• TO DO
Your answer must be a single number: the count of lines in the entries below that hold "auto".

• DATA LISTING
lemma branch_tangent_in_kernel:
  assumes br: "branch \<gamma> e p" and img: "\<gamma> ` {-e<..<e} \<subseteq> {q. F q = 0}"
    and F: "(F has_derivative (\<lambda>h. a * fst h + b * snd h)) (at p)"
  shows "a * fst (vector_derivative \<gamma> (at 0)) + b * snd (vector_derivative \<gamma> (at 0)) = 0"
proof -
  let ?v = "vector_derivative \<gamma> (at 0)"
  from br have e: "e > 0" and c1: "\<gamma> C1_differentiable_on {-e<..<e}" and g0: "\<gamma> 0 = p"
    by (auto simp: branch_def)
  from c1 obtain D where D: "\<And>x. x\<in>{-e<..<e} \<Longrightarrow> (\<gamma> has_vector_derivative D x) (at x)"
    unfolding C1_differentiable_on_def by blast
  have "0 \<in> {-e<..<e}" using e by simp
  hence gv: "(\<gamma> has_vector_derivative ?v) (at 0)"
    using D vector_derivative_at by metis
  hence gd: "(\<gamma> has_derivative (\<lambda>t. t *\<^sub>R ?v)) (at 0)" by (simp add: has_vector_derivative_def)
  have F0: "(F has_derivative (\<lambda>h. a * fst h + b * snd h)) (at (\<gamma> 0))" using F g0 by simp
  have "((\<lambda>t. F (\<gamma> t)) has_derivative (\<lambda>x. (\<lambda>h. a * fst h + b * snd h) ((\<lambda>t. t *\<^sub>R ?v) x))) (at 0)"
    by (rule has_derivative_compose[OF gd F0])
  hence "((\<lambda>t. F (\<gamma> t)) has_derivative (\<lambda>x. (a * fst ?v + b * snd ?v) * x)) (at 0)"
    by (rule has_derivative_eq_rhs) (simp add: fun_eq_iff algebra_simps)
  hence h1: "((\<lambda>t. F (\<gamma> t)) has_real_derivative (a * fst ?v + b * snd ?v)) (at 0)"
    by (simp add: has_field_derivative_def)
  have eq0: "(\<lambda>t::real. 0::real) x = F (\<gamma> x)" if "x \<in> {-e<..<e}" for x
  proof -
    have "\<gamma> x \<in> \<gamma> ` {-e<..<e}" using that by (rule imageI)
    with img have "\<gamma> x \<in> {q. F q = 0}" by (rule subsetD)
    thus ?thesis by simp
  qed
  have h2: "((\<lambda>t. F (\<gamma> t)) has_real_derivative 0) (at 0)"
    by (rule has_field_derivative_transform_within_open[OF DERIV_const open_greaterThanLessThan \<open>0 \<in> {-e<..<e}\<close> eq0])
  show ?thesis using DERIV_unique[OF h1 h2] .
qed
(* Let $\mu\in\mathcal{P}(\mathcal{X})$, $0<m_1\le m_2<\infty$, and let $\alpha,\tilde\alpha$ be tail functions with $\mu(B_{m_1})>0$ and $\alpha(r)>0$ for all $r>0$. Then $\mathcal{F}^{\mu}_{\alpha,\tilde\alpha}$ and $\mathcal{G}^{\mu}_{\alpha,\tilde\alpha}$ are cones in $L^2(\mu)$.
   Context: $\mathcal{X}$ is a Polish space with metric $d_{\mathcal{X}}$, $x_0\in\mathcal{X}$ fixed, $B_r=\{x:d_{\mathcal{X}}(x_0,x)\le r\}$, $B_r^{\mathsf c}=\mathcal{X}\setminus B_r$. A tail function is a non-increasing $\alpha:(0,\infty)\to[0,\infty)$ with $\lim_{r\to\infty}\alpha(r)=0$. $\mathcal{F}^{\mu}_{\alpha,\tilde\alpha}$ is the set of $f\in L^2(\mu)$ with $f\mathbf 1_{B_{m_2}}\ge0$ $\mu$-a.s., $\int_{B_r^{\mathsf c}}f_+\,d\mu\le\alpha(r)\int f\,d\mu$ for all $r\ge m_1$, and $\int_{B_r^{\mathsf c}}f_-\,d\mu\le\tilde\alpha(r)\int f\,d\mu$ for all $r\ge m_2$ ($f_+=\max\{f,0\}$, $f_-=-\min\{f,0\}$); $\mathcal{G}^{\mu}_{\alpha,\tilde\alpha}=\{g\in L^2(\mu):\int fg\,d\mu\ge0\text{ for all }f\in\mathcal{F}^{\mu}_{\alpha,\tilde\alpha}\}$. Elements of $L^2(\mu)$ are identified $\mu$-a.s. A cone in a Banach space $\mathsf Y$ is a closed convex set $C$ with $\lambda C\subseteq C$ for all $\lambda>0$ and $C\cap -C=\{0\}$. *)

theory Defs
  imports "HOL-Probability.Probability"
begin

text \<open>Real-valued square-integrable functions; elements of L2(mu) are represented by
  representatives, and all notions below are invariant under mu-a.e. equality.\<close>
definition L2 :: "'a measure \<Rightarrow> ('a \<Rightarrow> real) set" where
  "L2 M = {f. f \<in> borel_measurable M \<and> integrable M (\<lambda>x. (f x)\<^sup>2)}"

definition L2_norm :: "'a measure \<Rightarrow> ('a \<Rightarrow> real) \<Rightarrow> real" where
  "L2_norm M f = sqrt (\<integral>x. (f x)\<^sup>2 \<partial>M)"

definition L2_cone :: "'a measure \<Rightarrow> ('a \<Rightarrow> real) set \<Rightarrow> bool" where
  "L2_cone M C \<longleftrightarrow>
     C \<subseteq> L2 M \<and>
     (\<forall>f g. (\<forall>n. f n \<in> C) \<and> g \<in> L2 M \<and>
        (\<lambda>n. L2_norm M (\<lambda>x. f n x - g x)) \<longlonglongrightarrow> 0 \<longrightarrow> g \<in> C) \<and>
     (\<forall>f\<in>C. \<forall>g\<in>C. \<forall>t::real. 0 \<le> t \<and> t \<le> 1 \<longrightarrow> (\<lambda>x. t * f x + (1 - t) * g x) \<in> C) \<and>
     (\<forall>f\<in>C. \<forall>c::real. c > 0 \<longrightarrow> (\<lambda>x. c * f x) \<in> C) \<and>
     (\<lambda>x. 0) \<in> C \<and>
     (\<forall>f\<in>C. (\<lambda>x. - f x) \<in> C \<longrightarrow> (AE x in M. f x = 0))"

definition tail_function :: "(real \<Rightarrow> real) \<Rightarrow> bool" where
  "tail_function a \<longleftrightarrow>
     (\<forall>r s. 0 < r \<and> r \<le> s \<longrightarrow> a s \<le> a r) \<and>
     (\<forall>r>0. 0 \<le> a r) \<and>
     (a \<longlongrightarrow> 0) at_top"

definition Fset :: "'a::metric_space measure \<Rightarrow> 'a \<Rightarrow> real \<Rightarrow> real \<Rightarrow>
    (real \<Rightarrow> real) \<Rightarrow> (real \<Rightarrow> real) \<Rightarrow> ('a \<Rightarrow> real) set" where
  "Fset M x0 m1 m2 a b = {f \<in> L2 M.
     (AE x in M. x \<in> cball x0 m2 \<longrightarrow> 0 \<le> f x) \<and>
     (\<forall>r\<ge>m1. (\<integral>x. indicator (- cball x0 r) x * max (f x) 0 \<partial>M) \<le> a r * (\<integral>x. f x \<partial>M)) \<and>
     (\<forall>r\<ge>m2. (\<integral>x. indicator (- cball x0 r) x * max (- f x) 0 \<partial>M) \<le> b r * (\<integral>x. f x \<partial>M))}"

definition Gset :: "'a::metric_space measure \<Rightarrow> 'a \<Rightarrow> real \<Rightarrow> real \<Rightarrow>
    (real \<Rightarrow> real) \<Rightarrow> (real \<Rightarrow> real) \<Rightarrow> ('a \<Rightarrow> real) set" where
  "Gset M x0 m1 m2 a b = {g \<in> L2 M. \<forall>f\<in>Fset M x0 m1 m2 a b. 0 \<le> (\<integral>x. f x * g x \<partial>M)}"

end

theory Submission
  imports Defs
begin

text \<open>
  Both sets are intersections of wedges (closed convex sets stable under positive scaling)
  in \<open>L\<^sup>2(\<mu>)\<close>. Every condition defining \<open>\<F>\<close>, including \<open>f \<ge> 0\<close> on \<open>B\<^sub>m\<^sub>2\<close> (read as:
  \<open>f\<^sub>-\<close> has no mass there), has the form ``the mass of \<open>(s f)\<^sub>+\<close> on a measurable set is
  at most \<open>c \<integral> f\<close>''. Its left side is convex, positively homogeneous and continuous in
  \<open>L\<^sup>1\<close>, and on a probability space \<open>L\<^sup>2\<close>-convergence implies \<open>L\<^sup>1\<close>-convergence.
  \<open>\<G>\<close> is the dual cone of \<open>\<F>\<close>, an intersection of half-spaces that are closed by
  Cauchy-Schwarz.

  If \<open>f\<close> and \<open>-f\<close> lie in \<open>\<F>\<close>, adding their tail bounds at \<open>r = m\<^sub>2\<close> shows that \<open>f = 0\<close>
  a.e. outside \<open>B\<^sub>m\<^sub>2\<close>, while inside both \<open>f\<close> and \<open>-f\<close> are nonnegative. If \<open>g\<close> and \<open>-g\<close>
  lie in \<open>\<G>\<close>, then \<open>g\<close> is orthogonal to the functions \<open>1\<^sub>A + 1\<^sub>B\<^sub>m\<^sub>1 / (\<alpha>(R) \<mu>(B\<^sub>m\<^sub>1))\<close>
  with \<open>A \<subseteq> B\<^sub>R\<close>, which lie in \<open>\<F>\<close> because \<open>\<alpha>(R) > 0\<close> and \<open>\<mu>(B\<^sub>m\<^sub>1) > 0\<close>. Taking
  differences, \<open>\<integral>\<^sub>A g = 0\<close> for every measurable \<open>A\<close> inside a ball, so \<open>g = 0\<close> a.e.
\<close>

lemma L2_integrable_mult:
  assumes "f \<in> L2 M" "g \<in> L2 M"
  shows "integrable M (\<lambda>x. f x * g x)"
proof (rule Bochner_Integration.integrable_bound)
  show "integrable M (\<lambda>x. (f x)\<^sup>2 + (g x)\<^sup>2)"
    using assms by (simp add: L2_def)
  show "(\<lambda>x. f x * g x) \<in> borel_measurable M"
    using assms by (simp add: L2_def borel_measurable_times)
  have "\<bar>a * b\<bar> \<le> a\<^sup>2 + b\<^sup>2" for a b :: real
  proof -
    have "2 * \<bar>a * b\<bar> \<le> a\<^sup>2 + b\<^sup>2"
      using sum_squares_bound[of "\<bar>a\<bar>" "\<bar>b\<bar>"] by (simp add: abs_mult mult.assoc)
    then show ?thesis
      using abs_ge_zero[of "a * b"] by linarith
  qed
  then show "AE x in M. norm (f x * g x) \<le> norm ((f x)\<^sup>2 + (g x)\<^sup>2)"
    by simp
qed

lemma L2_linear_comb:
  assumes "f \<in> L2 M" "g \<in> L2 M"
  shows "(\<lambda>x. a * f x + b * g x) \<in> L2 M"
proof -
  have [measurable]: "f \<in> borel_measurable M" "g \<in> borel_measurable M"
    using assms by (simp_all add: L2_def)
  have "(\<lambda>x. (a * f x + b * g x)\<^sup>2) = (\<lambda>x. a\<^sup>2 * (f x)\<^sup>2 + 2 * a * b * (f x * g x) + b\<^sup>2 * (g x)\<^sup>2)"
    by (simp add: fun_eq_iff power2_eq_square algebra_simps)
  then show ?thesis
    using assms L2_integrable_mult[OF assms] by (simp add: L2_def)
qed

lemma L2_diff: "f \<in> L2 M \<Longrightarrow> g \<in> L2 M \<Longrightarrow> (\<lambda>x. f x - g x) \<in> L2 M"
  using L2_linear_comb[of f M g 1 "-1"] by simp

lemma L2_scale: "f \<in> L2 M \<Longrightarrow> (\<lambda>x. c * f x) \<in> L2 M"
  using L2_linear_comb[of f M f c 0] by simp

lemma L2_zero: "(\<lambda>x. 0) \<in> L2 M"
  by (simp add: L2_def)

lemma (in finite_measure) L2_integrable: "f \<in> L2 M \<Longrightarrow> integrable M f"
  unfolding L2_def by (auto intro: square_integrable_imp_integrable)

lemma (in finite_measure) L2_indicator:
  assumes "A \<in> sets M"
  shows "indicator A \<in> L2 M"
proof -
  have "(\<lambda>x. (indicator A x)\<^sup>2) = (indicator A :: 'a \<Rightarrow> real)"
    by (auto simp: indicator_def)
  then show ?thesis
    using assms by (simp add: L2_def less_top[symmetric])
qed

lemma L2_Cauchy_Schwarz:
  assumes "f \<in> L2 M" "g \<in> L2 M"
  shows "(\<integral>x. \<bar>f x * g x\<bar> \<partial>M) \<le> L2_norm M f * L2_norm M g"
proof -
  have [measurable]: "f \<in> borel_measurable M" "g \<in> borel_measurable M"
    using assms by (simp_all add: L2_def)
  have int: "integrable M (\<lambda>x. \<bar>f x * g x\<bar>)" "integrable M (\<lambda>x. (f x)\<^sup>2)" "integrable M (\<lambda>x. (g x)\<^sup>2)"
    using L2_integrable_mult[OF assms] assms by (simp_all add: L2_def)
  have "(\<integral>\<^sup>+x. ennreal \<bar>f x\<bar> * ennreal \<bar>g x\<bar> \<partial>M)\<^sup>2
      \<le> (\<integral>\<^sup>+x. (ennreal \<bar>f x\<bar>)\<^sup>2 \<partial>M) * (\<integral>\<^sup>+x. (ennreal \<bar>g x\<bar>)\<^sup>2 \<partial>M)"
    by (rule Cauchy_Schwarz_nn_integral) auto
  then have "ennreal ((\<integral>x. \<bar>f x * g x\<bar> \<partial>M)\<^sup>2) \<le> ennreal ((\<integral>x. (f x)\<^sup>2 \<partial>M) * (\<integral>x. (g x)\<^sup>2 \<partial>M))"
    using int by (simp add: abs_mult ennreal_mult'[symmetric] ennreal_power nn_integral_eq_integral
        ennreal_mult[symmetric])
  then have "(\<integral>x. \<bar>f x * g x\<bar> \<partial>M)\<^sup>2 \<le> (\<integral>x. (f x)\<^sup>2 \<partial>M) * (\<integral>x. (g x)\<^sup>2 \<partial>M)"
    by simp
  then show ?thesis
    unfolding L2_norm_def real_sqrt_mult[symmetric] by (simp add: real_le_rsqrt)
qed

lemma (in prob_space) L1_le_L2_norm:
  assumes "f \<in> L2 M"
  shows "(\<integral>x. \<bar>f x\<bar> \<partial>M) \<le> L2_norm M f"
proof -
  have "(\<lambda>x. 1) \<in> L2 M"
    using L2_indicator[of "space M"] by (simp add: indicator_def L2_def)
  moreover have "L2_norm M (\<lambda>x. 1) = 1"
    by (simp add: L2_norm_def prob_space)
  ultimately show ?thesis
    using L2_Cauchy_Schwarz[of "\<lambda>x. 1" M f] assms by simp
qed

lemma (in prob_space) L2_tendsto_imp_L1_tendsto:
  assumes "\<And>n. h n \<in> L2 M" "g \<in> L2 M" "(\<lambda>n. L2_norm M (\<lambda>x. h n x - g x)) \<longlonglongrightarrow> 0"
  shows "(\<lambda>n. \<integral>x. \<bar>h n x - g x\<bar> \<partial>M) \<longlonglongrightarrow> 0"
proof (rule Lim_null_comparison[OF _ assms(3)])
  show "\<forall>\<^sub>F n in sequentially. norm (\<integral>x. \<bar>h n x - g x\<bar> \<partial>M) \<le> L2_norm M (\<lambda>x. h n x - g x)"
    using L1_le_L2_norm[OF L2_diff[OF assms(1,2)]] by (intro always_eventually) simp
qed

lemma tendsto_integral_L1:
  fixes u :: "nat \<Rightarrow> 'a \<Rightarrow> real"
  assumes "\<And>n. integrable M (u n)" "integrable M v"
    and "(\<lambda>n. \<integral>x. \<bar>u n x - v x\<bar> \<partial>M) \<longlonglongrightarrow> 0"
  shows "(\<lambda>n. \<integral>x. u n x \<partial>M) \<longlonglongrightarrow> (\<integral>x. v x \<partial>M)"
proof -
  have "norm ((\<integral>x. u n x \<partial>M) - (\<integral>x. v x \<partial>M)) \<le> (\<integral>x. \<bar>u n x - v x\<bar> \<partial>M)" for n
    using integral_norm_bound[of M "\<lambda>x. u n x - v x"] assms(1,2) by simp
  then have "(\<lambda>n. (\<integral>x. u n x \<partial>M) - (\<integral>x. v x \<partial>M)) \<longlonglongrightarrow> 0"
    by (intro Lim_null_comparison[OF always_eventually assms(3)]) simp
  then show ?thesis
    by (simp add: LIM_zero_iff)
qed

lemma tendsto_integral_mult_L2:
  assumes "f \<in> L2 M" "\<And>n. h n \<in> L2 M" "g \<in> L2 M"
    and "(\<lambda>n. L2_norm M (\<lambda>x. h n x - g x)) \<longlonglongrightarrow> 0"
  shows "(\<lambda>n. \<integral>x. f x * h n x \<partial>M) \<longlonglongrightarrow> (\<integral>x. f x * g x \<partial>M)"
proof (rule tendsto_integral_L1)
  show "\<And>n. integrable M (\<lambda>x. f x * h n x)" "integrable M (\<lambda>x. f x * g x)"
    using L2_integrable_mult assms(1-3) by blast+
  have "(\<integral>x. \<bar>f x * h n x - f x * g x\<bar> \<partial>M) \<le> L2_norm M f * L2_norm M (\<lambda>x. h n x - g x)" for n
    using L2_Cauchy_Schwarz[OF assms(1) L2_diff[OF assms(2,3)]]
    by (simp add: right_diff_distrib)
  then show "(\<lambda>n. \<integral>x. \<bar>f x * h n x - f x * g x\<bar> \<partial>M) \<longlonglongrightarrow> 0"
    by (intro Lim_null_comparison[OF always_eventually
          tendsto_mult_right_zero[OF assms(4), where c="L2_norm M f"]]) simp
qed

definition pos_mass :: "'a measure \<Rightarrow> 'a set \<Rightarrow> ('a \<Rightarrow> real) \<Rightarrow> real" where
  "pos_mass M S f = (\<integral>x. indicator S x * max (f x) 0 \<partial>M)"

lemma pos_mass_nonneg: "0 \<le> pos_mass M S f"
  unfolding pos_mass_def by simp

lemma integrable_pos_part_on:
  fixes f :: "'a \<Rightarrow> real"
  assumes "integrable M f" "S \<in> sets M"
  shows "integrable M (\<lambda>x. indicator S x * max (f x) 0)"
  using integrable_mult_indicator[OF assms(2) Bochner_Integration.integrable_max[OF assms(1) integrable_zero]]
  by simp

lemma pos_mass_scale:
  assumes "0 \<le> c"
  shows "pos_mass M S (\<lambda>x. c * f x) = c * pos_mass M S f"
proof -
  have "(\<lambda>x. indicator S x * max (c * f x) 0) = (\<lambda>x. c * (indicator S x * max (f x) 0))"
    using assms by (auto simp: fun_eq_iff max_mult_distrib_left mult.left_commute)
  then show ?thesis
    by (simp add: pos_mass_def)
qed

• WRITTEN REPLY
5